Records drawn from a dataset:

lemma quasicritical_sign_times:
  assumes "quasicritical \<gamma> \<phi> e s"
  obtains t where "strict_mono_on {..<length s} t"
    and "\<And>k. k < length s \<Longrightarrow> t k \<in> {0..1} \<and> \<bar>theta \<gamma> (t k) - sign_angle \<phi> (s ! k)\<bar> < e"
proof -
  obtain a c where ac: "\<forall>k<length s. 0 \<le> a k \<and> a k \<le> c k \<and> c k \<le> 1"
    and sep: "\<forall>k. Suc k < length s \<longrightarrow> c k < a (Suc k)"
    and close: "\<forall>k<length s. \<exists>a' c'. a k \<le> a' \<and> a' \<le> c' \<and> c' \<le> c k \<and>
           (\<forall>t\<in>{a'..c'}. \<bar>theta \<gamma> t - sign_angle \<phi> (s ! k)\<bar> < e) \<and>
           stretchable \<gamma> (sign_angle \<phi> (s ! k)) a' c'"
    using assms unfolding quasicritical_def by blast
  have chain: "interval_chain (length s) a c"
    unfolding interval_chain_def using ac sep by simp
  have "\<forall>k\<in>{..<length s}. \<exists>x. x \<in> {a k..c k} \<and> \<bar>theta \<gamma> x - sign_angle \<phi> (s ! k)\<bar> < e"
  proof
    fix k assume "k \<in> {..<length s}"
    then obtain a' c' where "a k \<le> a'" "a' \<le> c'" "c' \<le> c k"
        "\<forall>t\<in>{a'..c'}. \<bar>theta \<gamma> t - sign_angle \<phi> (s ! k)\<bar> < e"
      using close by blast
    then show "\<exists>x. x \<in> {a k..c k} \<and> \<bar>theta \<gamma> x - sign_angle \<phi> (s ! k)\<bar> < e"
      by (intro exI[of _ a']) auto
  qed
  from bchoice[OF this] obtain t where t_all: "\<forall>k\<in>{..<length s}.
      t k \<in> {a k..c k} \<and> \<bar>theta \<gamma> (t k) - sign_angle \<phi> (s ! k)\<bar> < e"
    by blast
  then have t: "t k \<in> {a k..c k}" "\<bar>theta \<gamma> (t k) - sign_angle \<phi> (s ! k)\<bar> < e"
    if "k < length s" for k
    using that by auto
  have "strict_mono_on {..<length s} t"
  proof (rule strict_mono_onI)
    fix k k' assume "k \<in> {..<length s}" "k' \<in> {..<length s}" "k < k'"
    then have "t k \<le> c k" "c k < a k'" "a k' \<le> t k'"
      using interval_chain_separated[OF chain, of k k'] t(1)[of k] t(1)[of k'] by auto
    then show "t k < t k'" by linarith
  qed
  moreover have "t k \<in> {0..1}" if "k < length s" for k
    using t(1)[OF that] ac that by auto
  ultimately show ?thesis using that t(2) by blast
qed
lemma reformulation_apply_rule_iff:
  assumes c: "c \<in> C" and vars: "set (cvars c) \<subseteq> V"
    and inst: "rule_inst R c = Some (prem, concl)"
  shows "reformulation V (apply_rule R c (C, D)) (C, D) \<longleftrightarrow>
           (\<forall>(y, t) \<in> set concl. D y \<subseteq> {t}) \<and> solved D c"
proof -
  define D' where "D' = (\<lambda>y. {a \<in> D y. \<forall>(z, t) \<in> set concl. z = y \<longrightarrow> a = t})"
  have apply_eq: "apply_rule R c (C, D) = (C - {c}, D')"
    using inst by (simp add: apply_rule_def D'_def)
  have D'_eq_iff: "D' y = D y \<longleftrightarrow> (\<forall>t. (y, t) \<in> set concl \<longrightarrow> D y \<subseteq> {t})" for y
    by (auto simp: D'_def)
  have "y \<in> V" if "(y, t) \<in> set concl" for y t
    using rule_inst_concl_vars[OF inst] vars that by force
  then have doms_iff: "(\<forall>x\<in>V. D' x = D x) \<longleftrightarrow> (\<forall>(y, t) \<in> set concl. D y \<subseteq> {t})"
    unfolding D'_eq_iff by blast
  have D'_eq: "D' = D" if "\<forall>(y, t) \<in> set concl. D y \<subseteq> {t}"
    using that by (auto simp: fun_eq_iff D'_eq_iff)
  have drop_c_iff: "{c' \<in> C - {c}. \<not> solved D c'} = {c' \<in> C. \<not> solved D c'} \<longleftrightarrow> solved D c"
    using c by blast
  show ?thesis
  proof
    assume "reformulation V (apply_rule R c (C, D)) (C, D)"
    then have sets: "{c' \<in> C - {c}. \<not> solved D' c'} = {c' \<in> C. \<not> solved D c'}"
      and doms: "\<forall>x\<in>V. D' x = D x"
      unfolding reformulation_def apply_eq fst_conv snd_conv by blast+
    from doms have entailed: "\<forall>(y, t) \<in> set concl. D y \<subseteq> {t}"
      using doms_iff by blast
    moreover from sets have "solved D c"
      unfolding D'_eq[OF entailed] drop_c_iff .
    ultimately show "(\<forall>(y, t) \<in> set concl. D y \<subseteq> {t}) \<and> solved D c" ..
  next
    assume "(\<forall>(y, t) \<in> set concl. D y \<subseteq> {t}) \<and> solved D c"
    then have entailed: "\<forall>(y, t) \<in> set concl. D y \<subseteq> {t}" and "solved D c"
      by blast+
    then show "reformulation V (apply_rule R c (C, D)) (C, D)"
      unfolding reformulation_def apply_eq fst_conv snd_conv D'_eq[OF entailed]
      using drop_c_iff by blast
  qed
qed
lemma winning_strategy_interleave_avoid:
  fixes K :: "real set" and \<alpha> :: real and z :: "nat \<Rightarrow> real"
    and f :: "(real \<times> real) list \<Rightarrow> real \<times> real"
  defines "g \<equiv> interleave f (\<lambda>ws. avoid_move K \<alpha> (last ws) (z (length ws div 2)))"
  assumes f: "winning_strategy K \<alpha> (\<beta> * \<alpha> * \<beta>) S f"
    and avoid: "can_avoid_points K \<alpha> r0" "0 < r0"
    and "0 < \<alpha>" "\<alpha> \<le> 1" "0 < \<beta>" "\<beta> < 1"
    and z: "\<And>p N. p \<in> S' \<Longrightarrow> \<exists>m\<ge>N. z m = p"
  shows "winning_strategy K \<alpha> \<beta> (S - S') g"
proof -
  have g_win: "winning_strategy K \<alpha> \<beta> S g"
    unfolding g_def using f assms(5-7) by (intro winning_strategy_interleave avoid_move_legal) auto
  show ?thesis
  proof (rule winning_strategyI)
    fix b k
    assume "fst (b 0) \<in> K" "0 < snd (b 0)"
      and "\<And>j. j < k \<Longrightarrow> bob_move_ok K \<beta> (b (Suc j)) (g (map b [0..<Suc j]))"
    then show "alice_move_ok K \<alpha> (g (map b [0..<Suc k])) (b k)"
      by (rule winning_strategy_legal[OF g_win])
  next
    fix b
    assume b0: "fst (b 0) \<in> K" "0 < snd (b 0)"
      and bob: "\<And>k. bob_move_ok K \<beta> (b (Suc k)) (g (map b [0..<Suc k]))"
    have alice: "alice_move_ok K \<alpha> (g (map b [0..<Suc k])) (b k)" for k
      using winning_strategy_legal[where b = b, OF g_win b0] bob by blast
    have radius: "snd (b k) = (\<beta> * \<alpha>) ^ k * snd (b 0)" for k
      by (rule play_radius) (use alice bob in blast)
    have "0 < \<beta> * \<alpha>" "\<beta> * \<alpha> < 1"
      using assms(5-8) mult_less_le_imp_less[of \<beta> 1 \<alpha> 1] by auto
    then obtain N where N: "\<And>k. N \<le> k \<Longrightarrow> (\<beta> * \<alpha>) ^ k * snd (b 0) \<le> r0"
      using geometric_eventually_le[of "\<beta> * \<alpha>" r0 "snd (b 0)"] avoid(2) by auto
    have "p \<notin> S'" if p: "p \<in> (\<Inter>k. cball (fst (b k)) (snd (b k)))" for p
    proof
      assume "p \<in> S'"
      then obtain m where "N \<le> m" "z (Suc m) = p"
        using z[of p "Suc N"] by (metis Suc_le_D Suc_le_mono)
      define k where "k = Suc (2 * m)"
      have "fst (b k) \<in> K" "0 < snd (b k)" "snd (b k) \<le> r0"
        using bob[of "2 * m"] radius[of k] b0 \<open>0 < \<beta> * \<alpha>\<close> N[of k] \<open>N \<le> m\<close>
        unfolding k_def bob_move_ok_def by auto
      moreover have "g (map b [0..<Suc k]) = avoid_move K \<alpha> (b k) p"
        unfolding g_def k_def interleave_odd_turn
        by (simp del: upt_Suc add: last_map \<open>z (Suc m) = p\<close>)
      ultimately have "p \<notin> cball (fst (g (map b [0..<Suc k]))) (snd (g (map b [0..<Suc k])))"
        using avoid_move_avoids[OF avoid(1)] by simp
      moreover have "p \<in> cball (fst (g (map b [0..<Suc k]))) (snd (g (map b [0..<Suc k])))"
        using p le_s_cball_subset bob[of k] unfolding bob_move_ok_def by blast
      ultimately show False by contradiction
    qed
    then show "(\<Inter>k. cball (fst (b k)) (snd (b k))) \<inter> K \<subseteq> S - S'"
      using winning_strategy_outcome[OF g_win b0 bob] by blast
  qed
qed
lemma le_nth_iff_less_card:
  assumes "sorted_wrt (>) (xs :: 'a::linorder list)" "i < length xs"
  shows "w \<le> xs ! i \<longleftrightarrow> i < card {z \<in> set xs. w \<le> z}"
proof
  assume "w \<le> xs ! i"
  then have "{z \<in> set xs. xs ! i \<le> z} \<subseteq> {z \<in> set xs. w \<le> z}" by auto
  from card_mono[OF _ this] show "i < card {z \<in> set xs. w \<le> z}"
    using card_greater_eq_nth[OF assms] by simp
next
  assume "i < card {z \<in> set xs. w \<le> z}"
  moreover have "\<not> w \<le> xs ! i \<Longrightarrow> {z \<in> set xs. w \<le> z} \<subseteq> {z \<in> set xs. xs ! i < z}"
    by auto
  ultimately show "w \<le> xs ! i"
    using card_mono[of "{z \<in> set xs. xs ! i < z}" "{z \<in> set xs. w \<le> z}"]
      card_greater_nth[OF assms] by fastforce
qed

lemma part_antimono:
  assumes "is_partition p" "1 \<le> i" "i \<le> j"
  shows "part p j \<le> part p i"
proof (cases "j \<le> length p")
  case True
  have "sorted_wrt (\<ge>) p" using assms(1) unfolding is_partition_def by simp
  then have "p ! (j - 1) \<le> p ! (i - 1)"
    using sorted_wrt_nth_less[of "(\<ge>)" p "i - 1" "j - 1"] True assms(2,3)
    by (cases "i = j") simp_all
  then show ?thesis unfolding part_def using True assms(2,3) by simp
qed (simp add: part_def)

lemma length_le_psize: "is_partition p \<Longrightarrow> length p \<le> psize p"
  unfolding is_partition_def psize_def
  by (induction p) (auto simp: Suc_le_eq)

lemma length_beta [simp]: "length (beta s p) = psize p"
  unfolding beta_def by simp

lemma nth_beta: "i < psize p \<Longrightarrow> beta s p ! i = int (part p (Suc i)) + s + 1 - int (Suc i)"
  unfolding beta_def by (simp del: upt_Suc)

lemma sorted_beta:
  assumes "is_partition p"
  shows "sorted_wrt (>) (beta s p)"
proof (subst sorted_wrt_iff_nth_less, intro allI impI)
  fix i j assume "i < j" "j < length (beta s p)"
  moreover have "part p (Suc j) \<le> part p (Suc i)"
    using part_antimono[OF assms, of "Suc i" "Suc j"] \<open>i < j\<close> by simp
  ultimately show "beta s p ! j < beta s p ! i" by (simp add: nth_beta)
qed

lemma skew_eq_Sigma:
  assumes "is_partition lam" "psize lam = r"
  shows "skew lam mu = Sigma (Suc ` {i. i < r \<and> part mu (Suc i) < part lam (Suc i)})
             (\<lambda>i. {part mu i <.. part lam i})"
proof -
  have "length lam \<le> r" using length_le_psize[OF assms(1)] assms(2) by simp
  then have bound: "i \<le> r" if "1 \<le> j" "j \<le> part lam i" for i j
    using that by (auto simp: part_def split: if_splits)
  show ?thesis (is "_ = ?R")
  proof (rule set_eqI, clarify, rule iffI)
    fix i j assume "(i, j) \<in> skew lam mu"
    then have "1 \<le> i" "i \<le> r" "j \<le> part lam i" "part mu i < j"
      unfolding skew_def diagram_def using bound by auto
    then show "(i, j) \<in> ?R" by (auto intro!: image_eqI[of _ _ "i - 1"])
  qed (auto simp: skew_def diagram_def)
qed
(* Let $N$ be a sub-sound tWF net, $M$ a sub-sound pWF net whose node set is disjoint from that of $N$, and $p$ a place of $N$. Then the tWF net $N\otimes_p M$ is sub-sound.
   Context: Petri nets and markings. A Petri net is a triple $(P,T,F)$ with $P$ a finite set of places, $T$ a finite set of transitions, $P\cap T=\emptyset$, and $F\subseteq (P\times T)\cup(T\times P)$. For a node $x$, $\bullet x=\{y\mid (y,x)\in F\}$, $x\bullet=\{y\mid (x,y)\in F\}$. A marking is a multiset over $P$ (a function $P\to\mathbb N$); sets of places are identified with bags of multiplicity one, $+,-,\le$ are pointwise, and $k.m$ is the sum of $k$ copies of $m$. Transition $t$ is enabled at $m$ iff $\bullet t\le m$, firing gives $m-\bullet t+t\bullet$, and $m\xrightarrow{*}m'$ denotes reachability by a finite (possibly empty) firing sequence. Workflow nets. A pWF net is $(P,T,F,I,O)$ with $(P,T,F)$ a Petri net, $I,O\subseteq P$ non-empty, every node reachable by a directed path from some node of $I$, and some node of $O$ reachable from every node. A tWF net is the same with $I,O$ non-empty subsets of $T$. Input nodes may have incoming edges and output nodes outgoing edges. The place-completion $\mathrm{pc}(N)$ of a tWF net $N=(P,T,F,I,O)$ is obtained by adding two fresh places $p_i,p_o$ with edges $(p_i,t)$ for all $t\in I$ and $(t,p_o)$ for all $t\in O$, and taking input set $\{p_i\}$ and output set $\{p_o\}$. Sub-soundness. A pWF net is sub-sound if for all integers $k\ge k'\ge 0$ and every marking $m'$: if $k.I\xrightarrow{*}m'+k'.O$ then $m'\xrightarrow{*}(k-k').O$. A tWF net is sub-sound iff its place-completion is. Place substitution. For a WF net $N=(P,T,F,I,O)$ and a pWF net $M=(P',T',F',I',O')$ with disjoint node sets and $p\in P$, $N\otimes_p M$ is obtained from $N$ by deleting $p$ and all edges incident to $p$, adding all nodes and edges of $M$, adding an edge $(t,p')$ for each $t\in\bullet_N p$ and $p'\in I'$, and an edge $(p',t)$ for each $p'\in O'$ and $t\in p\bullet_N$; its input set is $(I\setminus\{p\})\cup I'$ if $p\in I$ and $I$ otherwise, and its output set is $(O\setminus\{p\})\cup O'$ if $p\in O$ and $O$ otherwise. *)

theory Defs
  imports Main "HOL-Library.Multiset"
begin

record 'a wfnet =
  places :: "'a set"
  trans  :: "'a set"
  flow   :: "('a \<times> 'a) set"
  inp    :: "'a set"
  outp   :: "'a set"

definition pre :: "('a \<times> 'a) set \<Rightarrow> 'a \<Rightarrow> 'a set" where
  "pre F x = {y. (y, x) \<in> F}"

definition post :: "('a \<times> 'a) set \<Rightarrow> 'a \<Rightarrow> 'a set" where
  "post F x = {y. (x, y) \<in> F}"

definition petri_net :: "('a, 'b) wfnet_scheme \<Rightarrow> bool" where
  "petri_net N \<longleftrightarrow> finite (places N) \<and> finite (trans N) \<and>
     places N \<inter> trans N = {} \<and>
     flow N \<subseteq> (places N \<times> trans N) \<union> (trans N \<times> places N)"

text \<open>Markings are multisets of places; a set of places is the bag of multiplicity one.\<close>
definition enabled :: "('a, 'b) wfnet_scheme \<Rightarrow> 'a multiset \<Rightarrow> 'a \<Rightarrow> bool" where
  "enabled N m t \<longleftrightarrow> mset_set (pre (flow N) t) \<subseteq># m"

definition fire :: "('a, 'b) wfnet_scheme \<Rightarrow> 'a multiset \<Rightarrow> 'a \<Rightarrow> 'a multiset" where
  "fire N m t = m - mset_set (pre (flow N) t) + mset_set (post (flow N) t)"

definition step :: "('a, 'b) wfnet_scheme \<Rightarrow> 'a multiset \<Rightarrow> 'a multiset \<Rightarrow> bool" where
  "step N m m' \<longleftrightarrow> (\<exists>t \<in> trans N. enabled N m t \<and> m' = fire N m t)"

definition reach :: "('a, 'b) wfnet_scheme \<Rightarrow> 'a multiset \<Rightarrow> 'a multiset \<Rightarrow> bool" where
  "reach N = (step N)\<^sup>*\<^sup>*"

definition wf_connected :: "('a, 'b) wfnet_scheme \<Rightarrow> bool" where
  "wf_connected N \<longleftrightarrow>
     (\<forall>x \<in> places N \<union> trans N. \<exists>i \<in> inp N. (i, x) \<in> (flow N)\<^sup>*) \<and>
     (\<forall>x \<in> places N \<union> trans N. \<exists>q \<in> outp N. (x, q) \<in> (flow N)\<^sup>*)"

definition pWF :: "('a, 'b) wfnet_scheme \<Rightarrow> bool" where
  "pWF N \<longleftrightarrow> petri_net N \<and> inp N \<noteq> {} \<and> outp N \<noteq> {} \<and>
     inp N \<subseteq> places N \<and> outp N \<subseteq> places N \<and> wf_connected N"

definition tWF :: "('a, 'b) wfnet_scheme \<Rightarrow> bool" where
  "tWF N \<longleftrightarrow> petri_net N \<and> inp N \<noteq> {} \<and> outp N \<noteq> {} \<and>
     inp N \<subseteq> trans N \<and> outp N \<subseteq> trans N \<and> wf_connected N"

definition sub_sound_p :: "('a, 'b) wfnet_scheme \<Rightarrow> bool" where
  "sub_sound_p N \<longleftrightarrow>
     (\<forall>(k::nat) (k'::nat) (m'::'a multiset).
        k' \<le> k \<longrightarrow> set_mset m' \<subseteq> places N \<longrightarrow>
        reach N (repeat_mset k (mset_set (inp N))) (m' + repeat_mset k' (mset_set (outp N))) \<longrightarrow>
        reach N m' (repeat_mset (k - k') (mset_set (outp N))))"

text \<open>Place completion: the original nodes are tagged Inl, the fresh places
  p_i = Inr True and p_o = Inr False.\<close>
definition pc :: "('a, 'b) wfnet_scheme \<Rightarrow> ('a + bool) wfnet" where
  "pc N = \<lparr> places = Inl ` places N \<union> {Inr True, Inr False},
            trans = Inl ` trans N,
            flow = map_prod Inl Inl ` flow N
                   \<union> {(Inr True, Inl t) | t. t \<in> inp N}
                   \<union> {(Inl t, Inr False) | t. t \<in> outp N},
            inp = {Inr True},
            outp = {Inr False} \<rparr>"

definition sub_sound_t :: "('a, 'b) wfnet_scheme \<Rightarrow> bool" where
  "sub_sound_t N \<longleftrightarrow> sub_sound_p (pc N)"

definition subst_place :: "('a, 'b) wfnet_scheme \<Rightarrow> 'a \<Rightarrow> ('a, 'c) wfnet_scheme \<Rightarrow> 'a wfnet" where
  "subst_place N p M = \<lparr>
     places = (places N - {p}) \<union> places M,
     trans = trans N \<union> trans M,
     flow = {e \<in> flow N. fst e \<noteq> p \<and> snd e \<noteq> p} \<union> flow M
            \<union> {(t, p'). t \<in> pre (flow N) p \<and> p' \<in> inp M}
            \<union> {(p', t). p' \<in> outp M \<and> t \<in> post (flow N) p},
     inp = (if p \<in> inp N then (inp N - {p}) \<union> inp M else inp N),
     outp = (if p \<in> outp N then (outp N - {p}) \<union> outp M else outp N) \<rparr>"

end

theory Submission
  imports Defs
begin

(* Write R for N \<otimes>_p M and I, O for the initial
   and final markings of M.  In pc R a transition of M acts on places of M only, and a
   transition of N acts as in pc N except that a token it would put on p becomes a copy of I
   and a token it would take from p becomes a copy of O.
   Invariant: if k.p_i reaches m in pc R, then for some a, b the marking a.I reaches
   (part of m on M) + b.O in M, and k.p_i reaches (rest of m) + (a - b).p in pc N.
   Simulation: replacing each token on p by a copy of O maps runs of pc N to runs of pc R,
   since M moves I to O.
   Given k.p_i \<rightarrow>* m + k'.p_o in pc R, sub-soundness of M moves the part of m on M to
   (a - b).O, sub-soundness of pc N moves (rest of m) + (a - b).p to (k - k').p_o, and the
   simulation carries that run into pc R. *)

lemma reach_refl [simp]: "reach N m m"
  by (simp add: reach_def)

## What the exercise asks
Where a line in the entries holds "rest", copy that line.

## Solution
   (part of m on M) + b.O in M, and k.p_i reaches (rest of m) + (a - b).p in pc N.
   (a - b).O, sub-soundness of pc N moves (rest of m) + (a - b).p to (k - k').p_o, and the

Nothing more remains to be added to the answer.